(Saved data entries)
+ + + + + + +

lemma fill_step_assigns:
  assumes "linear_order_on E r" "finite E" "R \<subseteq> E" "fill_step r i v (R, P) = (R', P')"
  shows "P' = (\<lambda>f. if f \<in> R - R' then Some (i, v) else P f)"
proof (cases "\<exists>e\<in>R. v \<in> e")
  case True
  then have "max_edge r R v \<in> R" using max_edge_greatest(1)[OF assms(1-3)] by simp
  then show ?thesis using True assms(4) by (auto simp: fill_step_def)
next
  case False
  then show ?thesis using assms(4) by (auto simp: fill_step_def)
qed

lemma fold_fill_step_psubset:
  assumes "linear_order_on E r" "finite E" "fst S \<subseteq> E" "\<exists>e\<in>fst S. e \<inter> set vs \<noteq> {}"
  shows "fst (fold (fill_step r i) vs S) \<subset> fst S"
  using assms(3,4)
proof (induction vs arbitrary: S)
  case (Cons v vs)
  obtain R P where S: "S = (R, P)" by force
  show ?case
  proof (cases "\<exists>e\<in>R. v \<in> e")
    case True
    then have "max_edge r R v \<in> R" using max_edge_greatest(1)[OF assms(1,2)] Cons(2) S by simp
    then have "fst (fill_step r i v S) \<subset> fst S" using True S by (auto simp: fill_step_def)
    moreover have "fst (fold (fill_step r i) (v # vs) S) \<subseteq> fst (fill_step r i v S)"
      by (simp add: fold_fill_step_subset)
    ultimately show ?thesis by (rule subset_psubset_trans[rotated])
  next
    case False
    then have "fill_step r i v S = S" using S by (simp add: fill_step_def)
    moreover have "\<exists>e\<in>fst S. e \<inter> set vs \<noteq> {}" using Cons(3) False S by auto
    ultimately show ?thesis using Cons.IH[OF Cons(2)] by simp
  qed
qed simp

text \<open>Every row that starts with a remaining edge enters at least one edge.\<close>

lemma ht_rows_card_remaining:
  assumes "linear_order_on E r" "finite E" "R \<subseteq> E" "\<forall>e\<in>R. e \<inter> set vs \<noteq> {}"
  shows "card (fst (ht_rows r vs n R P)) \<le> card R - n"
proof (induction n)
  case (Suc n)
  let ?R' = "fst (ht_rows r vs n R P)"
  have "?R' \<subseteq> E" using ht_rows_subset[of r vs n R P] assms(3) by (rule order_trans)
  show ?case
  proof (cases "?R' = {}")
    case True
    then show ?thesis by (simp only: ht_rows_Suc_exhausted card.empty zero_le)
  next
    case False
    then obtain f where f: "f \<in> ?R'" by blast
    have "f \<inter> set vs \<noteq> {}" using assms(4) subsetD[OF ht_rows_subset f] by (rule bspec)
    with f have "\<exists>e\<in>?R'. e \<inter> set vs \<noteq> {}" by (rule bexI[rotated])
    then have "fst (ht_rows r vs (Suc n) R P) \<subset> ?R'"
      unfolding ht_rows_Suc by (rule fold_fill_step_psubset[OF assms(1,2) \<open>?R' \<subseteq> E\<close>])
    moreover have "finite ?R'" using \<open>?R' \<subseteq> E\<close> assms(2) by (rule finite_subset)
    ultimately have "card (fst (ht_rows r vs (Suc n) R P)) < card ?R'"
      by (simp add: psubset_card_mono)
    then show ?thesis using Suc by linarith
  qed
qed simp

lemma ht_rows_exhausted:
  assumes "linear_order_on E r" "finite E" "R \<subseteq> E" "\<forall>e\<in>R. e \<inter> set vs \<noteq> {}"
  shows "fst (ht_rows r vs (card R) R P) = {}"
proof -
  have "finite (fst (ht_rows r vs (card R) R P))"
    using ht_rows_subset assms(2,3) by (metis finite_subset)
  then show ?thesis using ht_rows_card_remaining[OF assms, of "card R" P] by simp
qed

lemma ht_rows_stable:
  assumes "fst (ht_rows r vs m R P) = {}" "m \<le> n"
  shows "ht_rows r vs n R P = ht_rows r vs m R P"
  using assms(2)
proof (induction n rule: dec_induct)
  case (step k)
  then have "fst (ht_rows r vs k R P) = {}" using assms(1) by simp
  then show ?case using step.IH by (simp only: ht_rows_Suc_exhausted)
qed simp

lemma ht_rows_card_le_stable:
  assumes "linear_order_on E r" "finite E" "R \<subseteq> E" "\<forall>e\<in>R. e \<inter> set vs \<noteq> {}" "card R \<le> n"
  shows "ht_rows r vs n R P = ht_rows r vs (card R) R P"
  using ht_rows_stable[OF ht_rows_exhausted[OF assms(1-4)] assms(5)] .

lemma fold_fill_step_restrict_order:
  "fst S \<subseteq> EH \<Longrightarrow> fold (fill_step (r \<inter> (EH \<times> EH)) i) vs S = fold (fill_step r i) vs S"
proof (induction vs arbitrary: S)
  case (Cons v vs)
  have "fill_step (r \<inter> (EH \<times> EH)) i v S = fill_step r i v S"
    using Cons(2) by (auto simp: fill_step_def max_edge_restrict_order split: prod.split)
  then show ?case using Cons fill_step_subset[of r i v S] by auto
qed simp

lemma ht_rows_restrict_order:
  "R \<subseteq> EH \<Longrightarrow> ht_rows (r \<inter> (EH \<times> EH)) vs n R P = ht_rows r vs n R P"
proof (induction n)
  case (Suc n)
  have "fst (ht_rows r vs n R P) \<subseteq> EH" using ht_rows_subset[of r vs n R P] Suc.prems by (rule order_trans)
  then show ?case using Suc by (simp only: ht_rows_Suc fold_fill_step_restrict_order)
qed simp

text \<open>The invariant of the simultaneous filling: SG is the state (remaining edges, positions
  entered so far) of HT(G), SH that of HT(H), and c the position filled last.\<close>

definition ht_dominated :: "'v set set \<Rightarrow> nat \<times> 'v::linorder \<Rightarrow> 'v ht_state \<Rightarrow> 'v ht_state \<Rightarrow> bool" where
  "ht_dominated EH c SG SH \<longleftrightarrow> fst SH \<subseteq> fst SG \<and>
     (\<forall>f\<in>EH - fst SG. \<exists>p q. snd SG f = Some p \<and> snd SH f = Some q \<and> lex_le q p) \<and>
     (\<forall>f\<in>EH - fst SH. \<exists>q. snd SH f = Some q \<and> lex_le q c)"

+ + + + + + +

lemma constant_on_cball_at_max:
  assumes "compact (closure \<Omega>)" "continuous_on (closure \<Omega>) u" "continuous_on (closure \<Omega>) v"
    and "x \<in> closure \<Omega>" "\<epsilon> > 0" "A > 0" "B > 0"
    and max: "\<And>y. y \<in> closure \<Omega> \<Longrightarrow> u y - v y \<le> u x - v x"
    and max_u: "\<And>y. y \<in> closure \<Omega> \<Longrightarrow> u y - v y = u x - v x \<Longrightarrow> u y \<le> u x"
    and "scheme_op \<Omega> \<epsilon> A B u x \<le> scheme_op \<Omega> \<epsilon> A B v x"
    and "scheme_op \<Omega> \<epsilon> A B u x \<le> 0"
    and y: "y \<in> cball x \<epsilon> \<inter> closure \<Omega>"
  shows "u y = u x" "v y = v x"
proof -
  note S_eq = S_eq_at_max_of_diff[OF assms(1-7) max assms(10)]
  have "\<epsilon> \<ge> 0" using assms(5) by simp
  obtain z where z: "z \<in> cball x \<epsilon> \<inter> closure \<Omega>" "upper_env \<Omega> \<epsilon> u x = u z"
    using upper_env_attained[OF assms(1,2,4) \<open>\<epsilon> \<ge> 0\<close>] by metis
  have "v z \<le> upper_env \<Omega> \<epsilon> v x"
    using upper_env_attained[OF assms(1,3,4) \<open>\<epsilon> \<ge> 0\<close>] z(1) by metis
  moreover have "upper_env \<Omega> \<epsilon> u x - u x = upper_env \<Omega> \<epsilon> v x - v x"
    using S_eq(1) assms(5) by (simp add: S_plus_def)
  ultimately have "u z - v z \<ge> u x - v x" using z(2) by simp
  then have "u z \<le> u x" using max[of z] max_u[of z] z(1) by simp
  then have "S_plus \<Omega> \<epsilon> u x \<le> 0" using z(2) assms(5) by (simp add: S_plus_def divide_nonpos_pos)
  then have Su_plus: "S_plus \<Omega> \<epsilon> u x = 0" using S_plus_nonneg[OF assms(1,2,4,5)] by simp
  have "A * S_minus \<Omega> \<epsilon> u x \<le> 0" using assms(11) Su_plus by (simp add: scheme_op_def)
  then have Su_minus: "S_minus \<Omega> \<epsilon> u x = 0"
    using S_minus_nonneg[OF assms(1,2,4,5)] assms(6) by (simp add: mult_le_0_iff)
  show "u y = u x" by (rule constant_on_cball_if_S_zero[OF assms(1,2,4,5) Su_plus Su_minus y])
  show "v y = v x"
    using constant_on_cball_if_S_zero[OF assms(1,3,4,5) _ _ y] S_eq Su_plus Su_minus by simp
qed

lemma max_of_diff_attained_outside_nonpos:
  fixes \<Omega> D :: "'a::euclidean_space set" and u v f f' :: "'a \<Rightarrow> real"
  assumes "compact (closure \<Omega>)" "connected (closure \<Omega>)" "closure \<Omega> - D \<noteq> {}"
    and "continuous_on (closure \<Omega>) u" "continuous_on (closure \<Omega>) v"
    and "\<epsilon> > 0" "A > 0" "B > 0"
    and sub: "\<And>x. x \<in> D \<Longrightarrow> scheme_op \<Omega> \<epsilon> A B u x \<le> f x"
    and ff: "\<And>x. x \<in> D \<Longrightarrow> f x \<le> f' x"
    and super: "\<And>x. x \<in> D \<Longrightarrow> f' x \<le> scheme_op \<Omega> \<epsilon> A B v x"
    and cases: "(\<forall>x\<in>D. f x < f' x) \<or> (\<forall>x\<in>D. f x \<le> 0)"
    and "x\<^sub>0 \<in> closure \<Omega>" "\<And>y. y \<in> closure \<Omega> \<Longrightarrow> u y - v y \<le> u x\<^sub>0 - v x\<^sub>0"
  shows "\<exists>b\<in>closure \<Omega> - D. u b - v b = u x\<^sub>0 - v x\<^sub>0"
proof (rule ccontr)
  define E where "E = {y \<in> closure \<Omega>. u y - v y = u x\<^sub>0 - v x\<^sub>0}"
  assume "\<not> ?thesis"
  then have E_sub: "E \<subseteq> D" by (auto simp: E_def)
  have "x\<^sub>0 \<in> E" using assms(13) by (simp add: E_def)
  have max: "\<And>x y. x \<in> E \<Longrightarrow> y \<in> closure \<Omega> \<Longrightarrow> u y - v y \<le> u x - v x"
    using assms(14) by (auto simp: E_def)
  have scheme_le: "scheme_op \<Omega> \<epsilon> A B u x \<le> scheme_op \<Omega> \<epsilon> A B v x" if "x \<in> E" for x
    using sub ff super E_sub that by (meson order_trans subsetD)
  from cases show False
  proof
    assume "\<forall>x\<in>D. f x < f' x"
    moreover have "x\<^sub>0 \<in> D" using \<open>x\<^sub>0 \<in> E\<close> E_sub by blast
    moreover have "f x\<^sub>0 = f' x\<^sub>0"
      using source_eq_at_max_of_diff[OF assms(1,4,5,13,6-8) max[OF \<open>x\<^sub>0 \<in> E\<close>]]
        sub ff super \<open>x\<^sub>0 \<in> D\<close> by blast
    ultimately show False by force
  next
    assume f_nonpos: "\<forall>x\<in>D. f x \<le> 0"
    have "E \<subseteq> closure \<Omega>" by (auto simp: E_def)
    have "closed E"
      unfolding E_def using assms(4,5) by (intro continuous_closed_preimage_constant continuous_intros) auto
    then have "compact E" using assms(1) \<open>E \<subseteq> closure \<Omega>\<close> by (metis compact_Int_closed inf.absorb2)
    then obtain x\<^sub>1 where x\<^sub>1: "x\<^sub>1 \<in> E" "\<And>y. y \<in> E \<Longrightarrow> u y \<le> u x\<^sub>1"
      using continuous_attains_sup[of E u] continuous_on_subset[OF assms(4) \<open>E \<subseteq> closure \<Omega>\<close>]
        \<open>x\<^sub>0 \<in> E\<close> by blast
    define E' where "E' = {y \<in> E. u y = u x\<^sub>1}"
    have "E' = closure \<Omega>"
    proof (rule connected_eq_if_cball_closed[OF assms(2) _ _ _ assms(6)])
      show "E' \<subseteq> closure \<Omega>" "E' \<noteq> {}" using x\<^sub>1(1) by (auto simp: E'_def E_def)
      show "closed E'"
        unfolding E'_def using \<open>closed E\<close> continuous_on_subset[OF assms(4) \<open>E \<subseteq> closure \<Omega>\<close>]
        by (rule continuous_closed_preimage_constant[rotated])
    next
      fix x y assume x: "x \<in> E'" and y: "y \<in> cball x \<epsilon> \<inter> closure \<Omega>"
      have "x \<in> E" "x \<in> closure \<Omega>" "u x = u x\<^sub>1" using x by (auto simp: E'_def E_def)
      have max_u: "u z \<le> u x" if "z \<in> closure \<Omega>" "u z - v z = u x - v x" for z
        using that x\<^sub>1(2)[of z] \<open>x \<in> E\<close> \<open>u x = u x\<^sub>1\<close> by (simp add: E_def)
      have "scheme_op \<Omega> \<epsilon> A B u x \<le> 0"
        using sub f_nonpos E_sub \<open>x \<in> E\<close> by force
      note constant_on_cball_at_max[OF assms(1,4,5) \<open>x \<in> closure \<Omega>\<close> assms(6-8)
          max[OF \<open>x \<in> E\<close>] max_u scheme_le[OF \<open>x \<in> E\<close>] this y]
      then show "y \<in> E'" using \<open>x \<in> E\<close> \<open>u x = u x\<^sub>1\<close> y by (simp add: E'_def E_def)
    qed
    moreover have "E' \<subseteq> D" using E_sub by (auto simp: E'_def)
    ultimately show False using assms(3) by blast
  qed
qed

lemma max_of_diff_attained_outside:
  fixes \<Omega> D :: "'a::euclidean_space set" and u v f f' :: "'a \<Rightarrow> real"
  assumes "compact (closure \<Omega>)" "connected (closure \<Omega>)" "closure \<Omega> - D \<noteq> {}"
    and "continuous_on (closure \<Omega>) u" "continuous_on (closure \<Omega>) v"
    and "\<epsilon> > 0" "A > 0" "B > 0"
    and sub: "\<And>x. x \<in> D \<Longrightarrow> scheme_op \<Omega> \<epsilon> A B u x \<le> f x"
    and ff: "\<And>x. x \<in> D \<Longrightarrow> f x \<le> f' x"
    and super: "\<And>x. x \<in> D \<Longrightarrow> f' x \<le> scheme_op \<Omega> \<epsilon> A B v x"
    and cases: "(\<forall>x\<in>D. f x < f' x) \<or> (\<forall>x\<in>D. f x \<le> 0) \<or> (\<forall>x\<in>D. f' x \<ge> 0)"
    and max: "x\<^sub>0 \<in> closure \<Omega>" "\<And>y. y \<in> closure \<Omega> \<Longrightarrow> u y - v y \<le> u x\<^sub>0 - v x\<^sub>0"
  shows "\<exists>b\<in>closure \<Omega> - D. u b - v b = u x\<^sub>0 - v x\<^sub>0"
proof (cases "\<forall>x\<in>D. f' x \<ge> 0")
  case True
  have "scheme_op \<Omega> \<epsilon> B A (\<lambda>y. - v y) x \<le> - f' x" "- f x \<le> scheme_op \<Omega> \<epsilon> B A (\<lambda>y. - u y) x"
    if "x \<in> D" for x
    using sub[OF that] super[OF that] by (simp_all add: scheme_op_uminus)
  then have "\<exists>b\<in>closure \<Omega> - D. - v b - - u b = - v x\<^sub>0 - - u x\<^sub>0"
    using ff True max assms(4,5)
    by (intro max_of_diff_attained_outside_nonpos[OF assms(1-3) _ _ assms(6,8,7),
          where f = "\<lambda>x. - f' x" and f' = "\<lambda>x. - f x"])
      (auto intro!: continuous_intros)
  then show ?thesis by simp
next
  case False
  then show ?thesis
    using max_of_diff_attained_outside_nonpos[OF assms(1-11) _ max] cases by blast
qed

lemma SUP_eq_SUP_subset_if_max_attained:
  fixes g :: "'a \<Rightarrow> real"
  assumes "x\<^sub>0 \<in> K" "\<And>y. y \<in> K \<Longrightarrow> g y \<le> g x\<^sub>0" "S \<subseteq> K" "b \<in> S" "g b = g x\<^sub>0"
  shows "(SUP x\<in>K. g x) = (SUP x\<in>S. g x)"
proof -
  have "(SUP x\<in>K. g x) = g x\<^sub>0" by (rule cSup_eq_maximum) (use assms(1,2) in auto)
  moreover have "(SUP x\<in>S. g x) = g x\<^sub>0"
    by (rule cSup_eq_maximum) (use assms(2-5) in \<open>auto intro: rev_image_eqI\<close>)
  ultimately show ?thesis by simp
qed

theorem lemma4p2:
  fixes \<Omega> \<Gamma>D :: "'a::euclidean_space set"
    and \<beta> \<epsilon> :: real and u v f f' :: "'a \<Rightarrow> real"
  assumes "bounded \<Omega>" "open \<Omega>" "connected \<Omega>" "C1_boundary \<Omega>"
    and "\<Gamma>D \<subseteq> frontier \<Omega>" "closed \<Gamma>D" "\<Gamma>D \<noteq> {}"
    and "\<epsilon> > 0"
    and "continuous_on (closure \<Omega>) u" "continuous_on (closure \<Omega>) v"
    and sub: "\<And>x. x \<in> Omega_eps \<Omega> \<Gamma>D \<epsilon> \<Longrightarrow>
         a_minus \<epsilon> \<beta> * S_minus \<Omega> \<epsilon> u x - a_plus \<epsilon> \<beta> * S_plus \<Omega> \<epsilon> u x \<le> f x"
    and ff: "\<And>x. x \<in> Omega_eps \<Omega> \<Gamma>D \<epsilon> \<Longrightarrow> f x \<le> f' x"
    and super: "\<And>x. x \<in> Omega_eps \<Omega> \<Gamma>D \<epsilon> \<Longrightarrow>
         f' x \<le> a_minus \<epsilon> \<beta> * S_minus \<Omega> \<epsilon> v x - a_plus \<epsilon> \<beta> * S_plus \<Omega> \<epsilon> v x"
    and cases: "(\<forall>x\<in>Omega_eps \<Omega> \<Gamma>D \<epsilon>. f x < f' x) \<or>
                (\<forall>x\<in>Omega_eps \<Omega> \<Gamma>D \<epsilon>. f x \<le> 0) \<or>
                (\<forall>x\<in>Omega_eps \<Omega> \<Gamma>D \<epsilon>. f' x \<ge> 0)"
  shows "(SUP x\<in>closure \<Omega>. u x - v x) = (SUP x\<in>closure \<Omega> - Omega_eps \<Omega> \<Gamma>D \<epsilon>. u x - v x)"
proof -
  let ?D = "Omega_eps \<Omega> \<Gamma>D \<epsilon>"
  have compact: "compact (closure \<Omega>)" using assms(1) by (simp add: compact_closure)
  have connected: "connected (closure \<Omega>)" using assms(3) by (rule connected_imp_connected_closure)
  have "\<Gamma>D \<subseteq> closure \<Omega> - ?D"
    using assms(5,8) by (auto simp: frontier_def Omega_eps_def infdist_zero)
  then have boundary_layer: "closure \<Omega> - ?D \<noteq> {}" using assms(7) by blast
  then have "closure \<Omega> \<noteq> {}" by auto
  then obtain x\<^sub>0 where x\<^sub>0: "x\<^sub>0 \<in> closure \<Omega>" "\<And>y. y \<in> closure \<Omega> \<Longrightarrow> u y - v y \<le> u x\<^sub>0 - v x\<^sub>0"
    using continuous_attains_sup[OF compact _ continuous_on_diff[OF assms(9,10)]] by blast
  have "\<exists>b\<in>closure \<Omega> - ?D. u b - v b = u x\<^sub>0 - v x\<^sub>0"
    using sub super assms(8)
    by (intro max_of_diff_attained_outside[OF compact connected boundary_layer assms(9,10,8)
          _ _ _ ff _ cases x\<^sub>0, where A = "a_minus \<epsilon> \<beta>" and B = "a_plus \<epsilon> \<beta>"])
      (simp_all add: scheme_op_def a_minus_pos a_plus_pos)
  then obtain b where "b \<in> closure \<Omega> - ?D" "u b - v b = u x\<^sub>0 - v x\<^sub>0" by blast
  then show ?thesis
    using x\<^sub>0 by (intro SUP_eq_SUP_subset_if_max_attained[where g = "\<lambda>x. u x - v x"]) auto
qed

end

+ + + + + + +

▶ _WORK REQUIRED_:
Wherever the line holding "False S by auto" falls in the entries above, copy exactly from it through the line holding "case (step k)", inclusive, and add nothing.

▶ _OUTPUT FOR THIS TASK_:
    moreover have "\<exists>e\<in>fst S. e \<inter> set vs \<noteq> {}" using Cons(3) False S by auto
    ultimately show ?thesis using Cons.IH[OF Cons(2)] by simp
  qed
qed simp

text \<open>Every row that starts with a remaining edge enters at least one edge.\<close>

lemma ht_rows_card_remaining:
  assumes "linear_order_on E r" "finite E" "R \<subseteq> E" "\<forall>e\<in>R. e \<inter> set vs \<noteq> {}"
  shows "card (fst (ht_rows r vs n R P)) \<le> card R - n"
proof (induction n)
  case (Suc n)
  let ?R' = "fst (ht_rows r vs n R P)"
  have "?R' \<subseteq> E" using ht_rows_subset[of r vs n R P] assms(3) by (rule order_trans)
  show ?case
  proof (cases "?R' = {}")
    case True
    then show ?thesis by (simp only: ht_rows_Suc_exhausted card.empty zero_le)
  next
    case False
    then obtain f where f: "f \<in> ?R'" by blast
    have "f \<inter> set vs \<noteq> {}" using assms(4) subsetD[OF ht_rows_subset f] by (rule bspec)
    with f have "\<exists>e\<in>?R'. e \<inter> set vs \<noteq> {}" by (rule bexI[rotated])
    then have "fst (ht_rows r vs (Suc n) R P) \<subset> ?R'"
      unfolding ht_rows_Suc by (rule fold_fill_step_psubset[OF assms(1,2) \<open>?R' \<subseteq> E\<close>])
    moreover have "finite ?R'" using \<open>?R' \<subseteq> E\<close> assms(2) by (rule finite_subset)
    ultimately have "card (fst (ht_rows r vs (Suc n) R P)) < card ?R'"
      by (simp add: psubset_card_mono)
    then show ?thesis using Suc by linarith
  qed
qed simp

lemma ht_rows_exhausted:
  assumes "linear_order_on E r" "finite E" "R \<subseteq> E" "\<forall>e\<in>R. e \<inter> set vs \<noteq> {}"
  shows "fst (ht_rows r vs (card R) R P) = {}"
proof -
  have "finite (fst (ht_rows r vs (card R) R P))"
    using ht_rows_subset assms(2,3) by (metis finite_subset)
  then show ?thesis using ht_rows_card_remaining[OF assms, of "card R" P] by simp
qed

lemma ht_rows_stable:
  assumes "fst (ht_rows r vs m R P) = {}" "m \<le> n"
  shows "ht_rows r vs n R P = ht_rows r vs m R P"
  using assms(2)
proof (induction n rule: dec_induct)
  case (step k)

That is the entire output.